Task objective:
Every line with the string "uninorm" in it belongs in your answer, so copy them all from the data.

(Stored data entries)
####
(* If $\oplus$ is the drastic maximum $T_d'$ and $\otimes$ is a $T$-norm with no zero divisors, then $(\otimes,\oplus)$ satisfies the rearrangement inequality. If $\otimes$ is the drastic minimum $T_d$ and $\oplus$ is a $T$-conorm such that the $T$-norm $\Phi(\oplus)(x,y)=1-((1-x)\oplus(1-y))$ has no zero divisors, then $(\otimes,\oplus)$ satisfies the dual rearrangement inequality.
   Context: A uninorm is a function $\otimes:[0,1]^2\to[0,1]$ that is commutative, associative, monotonic ($x\leq y$ implies $x\otimes z\leq y\otimes z$), and has an identity element; a $T$-norm is a uninorm with identity $1$, a $T$-conorm one with identity $0$. For a $T$-norm $f$, a number $0<x<1$ is a zero divisor if there is $0<y<1$ with $f(x,y)=0$. The drastic minimum is $T_d(x,y)=\min(x,y)$ if $\max(x,y)=1$ and $0$ otherwise; the drastic maximum is $T_d'(x,y)=\max(x,y)$ if $\min(x,y)=0$ and $1$ otherwise. $(\otimes,\oplus)$ satisfies the rearrangement inequality if for every $n\geq1$, all $0\leq x_1\leq\cdots\leq x_n\leq 1$, $0\leq y_1\leq\cdots\leq y_n\leq 1$ and every permutation $\sigma$ of $\{1,\dots,n\}$, $$(x_n\otimes y_1)\oplus\cdots\oplus(x_1\otimes y_n)\leq (x_{\sigma(1)}\otimes y_1)\oplus\cdots\oplus(x_{\sigma(n)}\otimes y_n)\leq (x_1\otimes y_1)\oplus\cdots\oplus(x_n\otimes y_n),$$ and the dual rearrangement inequality if for all such data $$(x_n\oplus y_1)\otimes\cdots\otimes(x_1\oplus y_n)\geq (x_{\sigma(1)}\oplus y_1)\otimes\cdots\otimes(x_{\sigma(n)}\oplus y_n)\geq (x_1\oplus y_1)\otimes\cdots\otimes(x_n\oplus y_n).$$ *)

theory Defs
  imports "HOL-Analysis.Analysis" "HOL-Combinatorics.Permutations"
begin


definition uninorm :: "(real \<Rightarrow> real \<Rightarrow> real) \<Rightarrow> bool" where
  "uninorm f \<longleftrightarrow>
     (\<forall>x\<in>{0..1}. \<forall>y\<in>{0..1}. f x y \<in> {0..1}) \<and>
     (\<forall>x\<in>{0..1}. \<forall>y\<in>{0..1}. f x y = f y x) \<and>
     (\<forall>x\<in>{0..1}. \<forall>y\<in>{0..1}. \<forall>z\<in>{0..1}. f (f x y) z = f x (f y z)) \<and>
     (\<forall>x\<in>{0..1}. \<forall>y\<in>{0..1}. \<forall>z\<in>{0..1}. x \<le> y \<longrightarrow> f x z \<le> f y z) \<and>
     (\<exists>e\<in>{0..1}. \<forall>x\<in>{0..1}. f e x = x)"

definition tnorm :: "(real \<Rightarrow> real \<Rightarrow> real) \<Rightarrow> bool" where
  "tnorm f \<longleftrightarrow> uninorm f \<and> (\<forall>x\<in>{0..1}. f 1 x = x)"

definition tconorm :: "(real \<Rightarrow> real \<Rightarrow> real) \<Rightarrow> bool" where
  "tconorm f \<longleftrightarrow> uninorm f \<and> (\<forall>x\<in>{0..1}. f 0 x = x)"

definition no_zero_divisors :: "(real \<Rightarrow> real \<Rightarrow> real) \<Rightarrow> bool" where
  "no_zero_divisors f \<longleftrightarrow> \<not> (\<exists>x y. 0 < x \<and> x < 1 \<and> 0 < y \<and> y < 1 \<and> f x y = 0)"

definition drastic_min :: "real \<Rightarrow> real \<Rightarrow> real" where
  "drastic_min x y = (if max x y = 1 then min x y else 0)"

definition drastic_max :: "real \<Rightarrow> real \<Rightarrow> real" where
  "drastic_max x y = (if min x y = 0 then max x y else 1)"

definition dual_op :: "(real \<Rightarrow> real \<Rightarrow> real) \<Rightarrow> real \<Rightarrow> real \<Rightarrow> real" where
  "dual_op g x y = 1 - g (1 - x) (1 - y)"

fun opfold :: "(real \<Rightarrow> real \<Rightarrow> real) \<Rightarrow> (nat \<Rightarrow> real) \<Rightarrow> nat \<Rightarrow> real" where
  "opfold f g 0 = undefined"
| "opfold f g (Suc 0) = g 1"
| "opfold f g (Suc (Suc n)) = f (opfold f g (Suc n)) (g (Suc (Suc n)))"

definition rearrangement_ineq ::
  "(real \<Rightarrow> real \<Rightarrow> real) \<Rightarrow> (real \<Rightarrow> real \<Rightarrow> real) \<Rightarrow> bool" where
  "rearrangement_ineq otimes oplus \<longleftrightarrow>
     (\<forall>n::nat. \<forall>x y :: nat \<Rightarrow> real. \<forall>\<sigma>.
        n \<ge> 1 \<longrightarrow>
        (\<forall>i\<in>{1..n}. 0 \<le> x i \<and> x i \<le> 1 \<and> 0 \<le> y i \<and> y i \<le> 1) \<longrightarrow>
        (\<forall>i j. 1 \<le> i \<longrightarrow> i \<le> j \<longrightarrow> j \<le> n \<longrightarrow> x i \<le> x j \<and> y i \<le> y j) \<longrightarrow>
        \<sigma> permutes {1..n} \<longrightarrow>
        opfold oplus (\<lambda>i. otimes (x (n + 1 - i)) (y i)) n
          \<le> opfold oplus (\<lambda>i. otimes (x (\<sigma> i)) (y i)) n \<and>
        opfold oplus (\<lambda>i. otimes (x (\<sigma> i)) (y i)) n
          \<le> opfold oplus (\<lambda>i. otimes (x i) (y i)) n)"

definition dual_rearrangement_ineq ::
  "(real \<Rightarrow> real \<Rightarrow> real) \<Rightarrow> (real \<Rightarrow> real \<Rightarrow> real) \<Rightarrow> bool" where
  "dual_rearrangement_ineq otimes oplus \<longleftrightarrow>
     (\<forall>n::nat. \<forall>x y :: nat \<Rightarrow> real. \<forall>\<sigma>.
        n \<ge> 1 \<longrightarrow>
        (\<forall>i\<in>{1..n}. 0 \<le> x i \<and> x i \<le> 1 \<and> 0 \<le> y i \<and> y i \<le> 1) \<longrightarrow>
        (\<forall>i j. 1 \<le> i \<longrightarrow> i \<le> j \<longrightarrow> j \<le> n \<longrightarrow> x i \<le> x j \<and> y i \<le> y j) \<longrightarrow>
        \<sigma> permutes {1..n} \<longrightarrow>
        opfold otimes (\<lambda>i. oplus (x (n + 1 - i)) (y i)) n
          \<ge> opfold otimes (\<lambda>i. oplus (x (\<sigma> i)) (y i)) n \<and>
        opfold otimes (\<lambda>i. oplus (x (\<sigma> i)) (y i)) n
          \<ge> opfold otimes (\<lambda>i. oplus (x i) (y i)) n)"

end

theory Submission
  imports Defs
begin

(*
  An iterated drastic maximum of values in [0,1] is 0 if all of them vanish, the only non-zero
  value if there is exactly one, and 1 otherwise. Without zero divisors T (x (sigma i)) (y i)
  vanishes iff one of its arguments does, so what matters is the set of indices i with
  x (sigma i) > 0 and y i > 0. As {x > 0} and {y > 0} are final segments of {1..n}, this set
  is largest for the identity, where it is their intersection, and smallest for the reversal,
  where (if non-empty) it has |x > 0| + |y > 0| - n elements, a lower bound for every
  permutation. If it is a singleton, the surviving term is the largest possible one for the
  identity (index n) and the smallest possible one for the reversal.

  The dual inequality reduces to the first one: a := 1 - a exchanges the drastic minimum and
  maximum and turns the T-conorm S into the T-norm dual_op S, and reversing the index order
  makes the complemented sequences increasing again.
*)

lemma finite_set_cases_by_card:
  assumes "finite S"
  obtains "S = {}" | k where "S = {k}" | "2 \<le> card S"
proof -
  have "card S = 0 \<or> card S = 1 \<or> 2 \<le> card S"
    by linarith
  then show ?thesis
    using assms that by (auto simp: card_1_singleton_iff)
qed

definition drastic_sum :: "('a \<Rightarrow> real) \<Rightarrow> 'a set \<Rightarrow> real" where
  "drastic_sum g I = (if 2 \<le> card (support_on I g) then 1 else supp_sum g I)"

lemma drastic_sum_cong:
  assumes "\<And>i. i \<in> I \<Longrightarrow> g i = h i"
  shows "drastic_sum g I = drastic_sum h I"
proof -
  have supp: "support_on I g = support_on I h"
    using assms by (auto simp: support_on_def)
  have "supp_sum g I = supp_sum h I"
    unfolding supp_sum_def supp by (rule sum.cong) (auto simp: assms support_on_def)
  then show ?thesis
    by (simp add: drastic_sum_def supp)
qed

lemma drastic_sum_reindex:
  assumes "bij_betw p I I"
  shows "drastic_sum (g \<circ> p) I = drastic_sum g I"
proof -
  let ?S = "support_on I (g \<circ> p)"
  have inj: "inj_on p ?S"
    using assms by (auto simp: bij_betw_def support_on_def intro: inj_on_subset)
  have "support_on (p ` I) g = p ` ?S"
    unfolding support_on_def by auto
  then have supp: "support_on I g = p ` ?S"
    using assms by (simp add: bij_betw_def)
  have "card (support_on I g) = card ?S"
    unfolding supp by (rule card_image[OF inj])
  moreover have "supp_sum g I = supp_sum (g \<circ> p) I"
    unfolding supp_sum_def supp by (rule sum.reindex[OF inj])
  ultimately show ?thesis
    by (simp add: drastic_sum_def)
qed

lemma drastic_sum_nonneg:
  assumes "\<And>i. i \<in> I \<Longrightarrow> 0 \<le> g i"
  shows "0 \<le> drastic_sum g I"
  using assms by (auto simp: drastic_sum_def supp_sum_def support_on_def intro: sum_nonneg)

lemma drastic_max_nonneg:
  "0 \<le> a \<Longrightarrow> 0 \<le> b \<Longrightarrow> drastic_max a b = (if a = 0 then b else if b = 0 then a else 1)"
  by (auto simp: drastic_max_def min_def max_def)

lemma drastic_sum_insert:
  assumes "finite I" "i \<notin> I" "\<And>j. j \<in> insert i I \<Longrightarrow> 0 \<le> g j"
  shows "drastic_sum g (insert i I) = drastic_max (drastic_sum g I) (g i)"
proof -
  let ?S = "support_on I g"
  have fin: "finite ?S" using assms(1) by blast
  have S: "i \<notin> ?S" using assms(2) by (simp add: support_on_def)
  have nonneg: "0 \<le> drastic_sum g I" using assms(3) by (intro drastic_sum_nonneg) auto
  show ?thesis
  proof (cases "g i = 0")
    case True
    then show ?thesis
      using nonneg fin by (simp add: drastic_sum_def drastic_max_nonneg supp_sum_def)
  next
    case False
    have gi: "0 \<le> g i" using assms(3) by simp
    show ?thesis
    proof (cases rule: finite_set_cases_by_card[OF fin])
      case 1
      then show ?thesis using False gi by (simp add: drastic_sum_def drastic_max_nonneg supp_sum_def)
    next
      case (2 k)
      then have "g k \<noteq> 0" "0 \<le> g k" using assms(3) by (auto simp: support_on_def)
      then show ?thesis using 2 S False gi by (simp add: drastic_sum_def drastic_max_nonneg supp_sum_def)
    next
      case 3
      then show ?thesis using S fin False gi by (simp add: drastic_sum_def drastic_max_nonneg)
    qed
  qed
qed

lemma opfold_drastic_max:
  assumes "1 \<le> n" "\<And>i. i \<in> {1..n} \<Longrightarrow> 0 \<le> g i"
  shows "opfold drastic_max g n = drastic_sum g {1..n}"
  using assms
proof (induction n rule: nat_induct_at_least)
  case base
  then show ?case by (simp add: drastic_sum_def supp_sum_def)
next
  case (Suc n)
  have IH: "opfold drastic_max g n = drastic_sum g {1..n}"
    using Suc.prems by (intro Suc.IH) auto
  obtain m where "n = Suc m"
    using Suc.hyps by (cases n) auto
  then have "opfold drastic_max g (Suc n) = drastic_max (opfold drastic_max g n) (g (Suc n))"
    by simp
  also have "\<dots> = drastic_sum g (insert (Suc n) {1..n})"
    unfolding IH using Suc.prems by (intro drastic_sum_insert[symmetric]) auto
  also have "insert (Suc n) {1..n} = {1..Suc n}"
    by auto
  finally show ?case .
qed

lemma drastic_sum_mono:
  assumes "finite I" "\<And>i. i \<in> I \<Longrightarrow> g i \<le> 1" "\<And>i. i \<in> I \<Longrightarrow> 0 \<le> h i"
    and card: "card (support_on I g) \<le> card (support_on I h)"
    and single: "\<And>k j. support_on I g = {k} \<Longrightarrow> support_on I h = {j} \<Longrightarrow> g k \<le> h j"
  shows "drastic_sum g I \<le> drastic_sum h I"
proof -
  have fin: "finite (support_on I g)" "finite (support_on I h)"
    using assms(1) by auto
  show ?thesis
  proof (cases rule: finite_set_cases_by_card[OF fin(2)])
    case 1
    then have "support_on I g = {}" using card fin(1) by simp
    with 1 show ?thesis by (simp add: drastic_sum_def supp_sum_def)
  next
    case (2 j)
    then have "card (support_on I g) \<le> 1" using card by simp
    then have "support_on I g = {} \<or> (\<exists>k. support_on I g = {k})"
      by (cases rule: finite_set_cases_by_card[OF fin(1)]) auto
    moreover have "j \<in> I" using 2 by (auto simp: support_on_def)
    ultimately show ?thesis
      using 2 single assms(3) by (auto simp: drastic_sum_def supp_sum_def)
  next
    case 3
    have "g k \<le> 1" if "support_on I g = {k}" for k
      using that assms(2) by (auto simp: support_on_def)
    with 3 show ?thesis
      by (cases rule: finite_set_cases_by_card[OF fin(1)]) (auto simp: drastic_sum_def supp_sum_def)
  qed
qed

lemma opfold_dual_op:
  "1 \<le> n \<Longrightarrow> opfold (dual_op f) g n = 1 - opfold f (\<lambda>i. 1 - g i) n"
proof (induction n rule: nat_induct_at_least)
  case (Suc n)
  obtain m where m: "n = Suc m"
    using Suc.hyps by (cases n) auto
  then have "opfold (dual_op f) g (Suc n) = dual_op f (opfold (dual_op f) g n) (g (Suc n))"
    by simp
  also have "\<dots> = 1 - opfold f (\<lambda>i. 1 - g i) (Suc n)"
    unfolding Suc.IH using m by (simp add: dual_op_def)
  finally show ?case .
qed simp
####
Answer for the task:
   Context: A uninorm is a function $\otimes:[0,1]^2\to[0,1]$ that is commutative, associative, monotonic ($x\leq y$ implies $x\otimes z\leq y\otimes z$), and has an identity element; a $T$-norm is a uninorm with identity $1$, a $T$-conorm one with identity $0$. For a $T$-norm $f$, a number $0<x<1$ is a zero divisor if there is $0<y<1$ with $f(x,y)=0$. The drastic minimum is $T_d(x,y)=\min(x,y)$ if $\max(x,y)=1$ and $0$ otherwise; the drastic maximum is $T_d'(x,y)=\max(x,y)$ if $\min(x,y)=0$ and $1$ otherwise. $(\otimes,\oplus)$ satisfies the rearrangement inequality if for every $n\geq1$, all $0\leq x_1\leq\cdots\leq x_n\leq 1$, $0\leq y_1\leq\cdots\leq y_n\leq 1$ and every permutation $\sigma$ of $\{1,\dots,n\}$, $$(x_n\otimes y_1)\oplus\cdots\oplus(x_1\otimes y_n)\leq (x_{\sigma(1)}\otimes y_1)\oplus\cdots\oplus(x_{\sigma(n)}\otimes y_n)\leq (x_1\otimes y_1)\oplus\cdots\oplus(x_n\otimes y_n),$$ and the dual rearrangement inequality if for all such data $$(x_n\oplus y_1)\otimes\cdots\otimes(x_1\oplus y_n)\geq (x_{\sigma(1)}\oplus y_1)\otimes\cdots\otimes(x_{\sigma(n)}\oplus y_n)\geq (x_1\oplus y_1)\otimes\cdots\otimes(x_n\oplus y_n).$$ *)
definition uninorm :: "(real \<Rightarrow> real \<Rightarrow> real) \<Rightarrow> bool" where
  "uninorm f \<longleftrightarrow>
  "tnorm f \<longleftrightarrow> uninorm f \<and> (\<forall>x\<in>{0..1}. f 1 x = x)"
  "tconorm f \<longleftrightarrow> uninorm f \<and> (\<forall>x\<in>{0..1}. f 0 x = x)"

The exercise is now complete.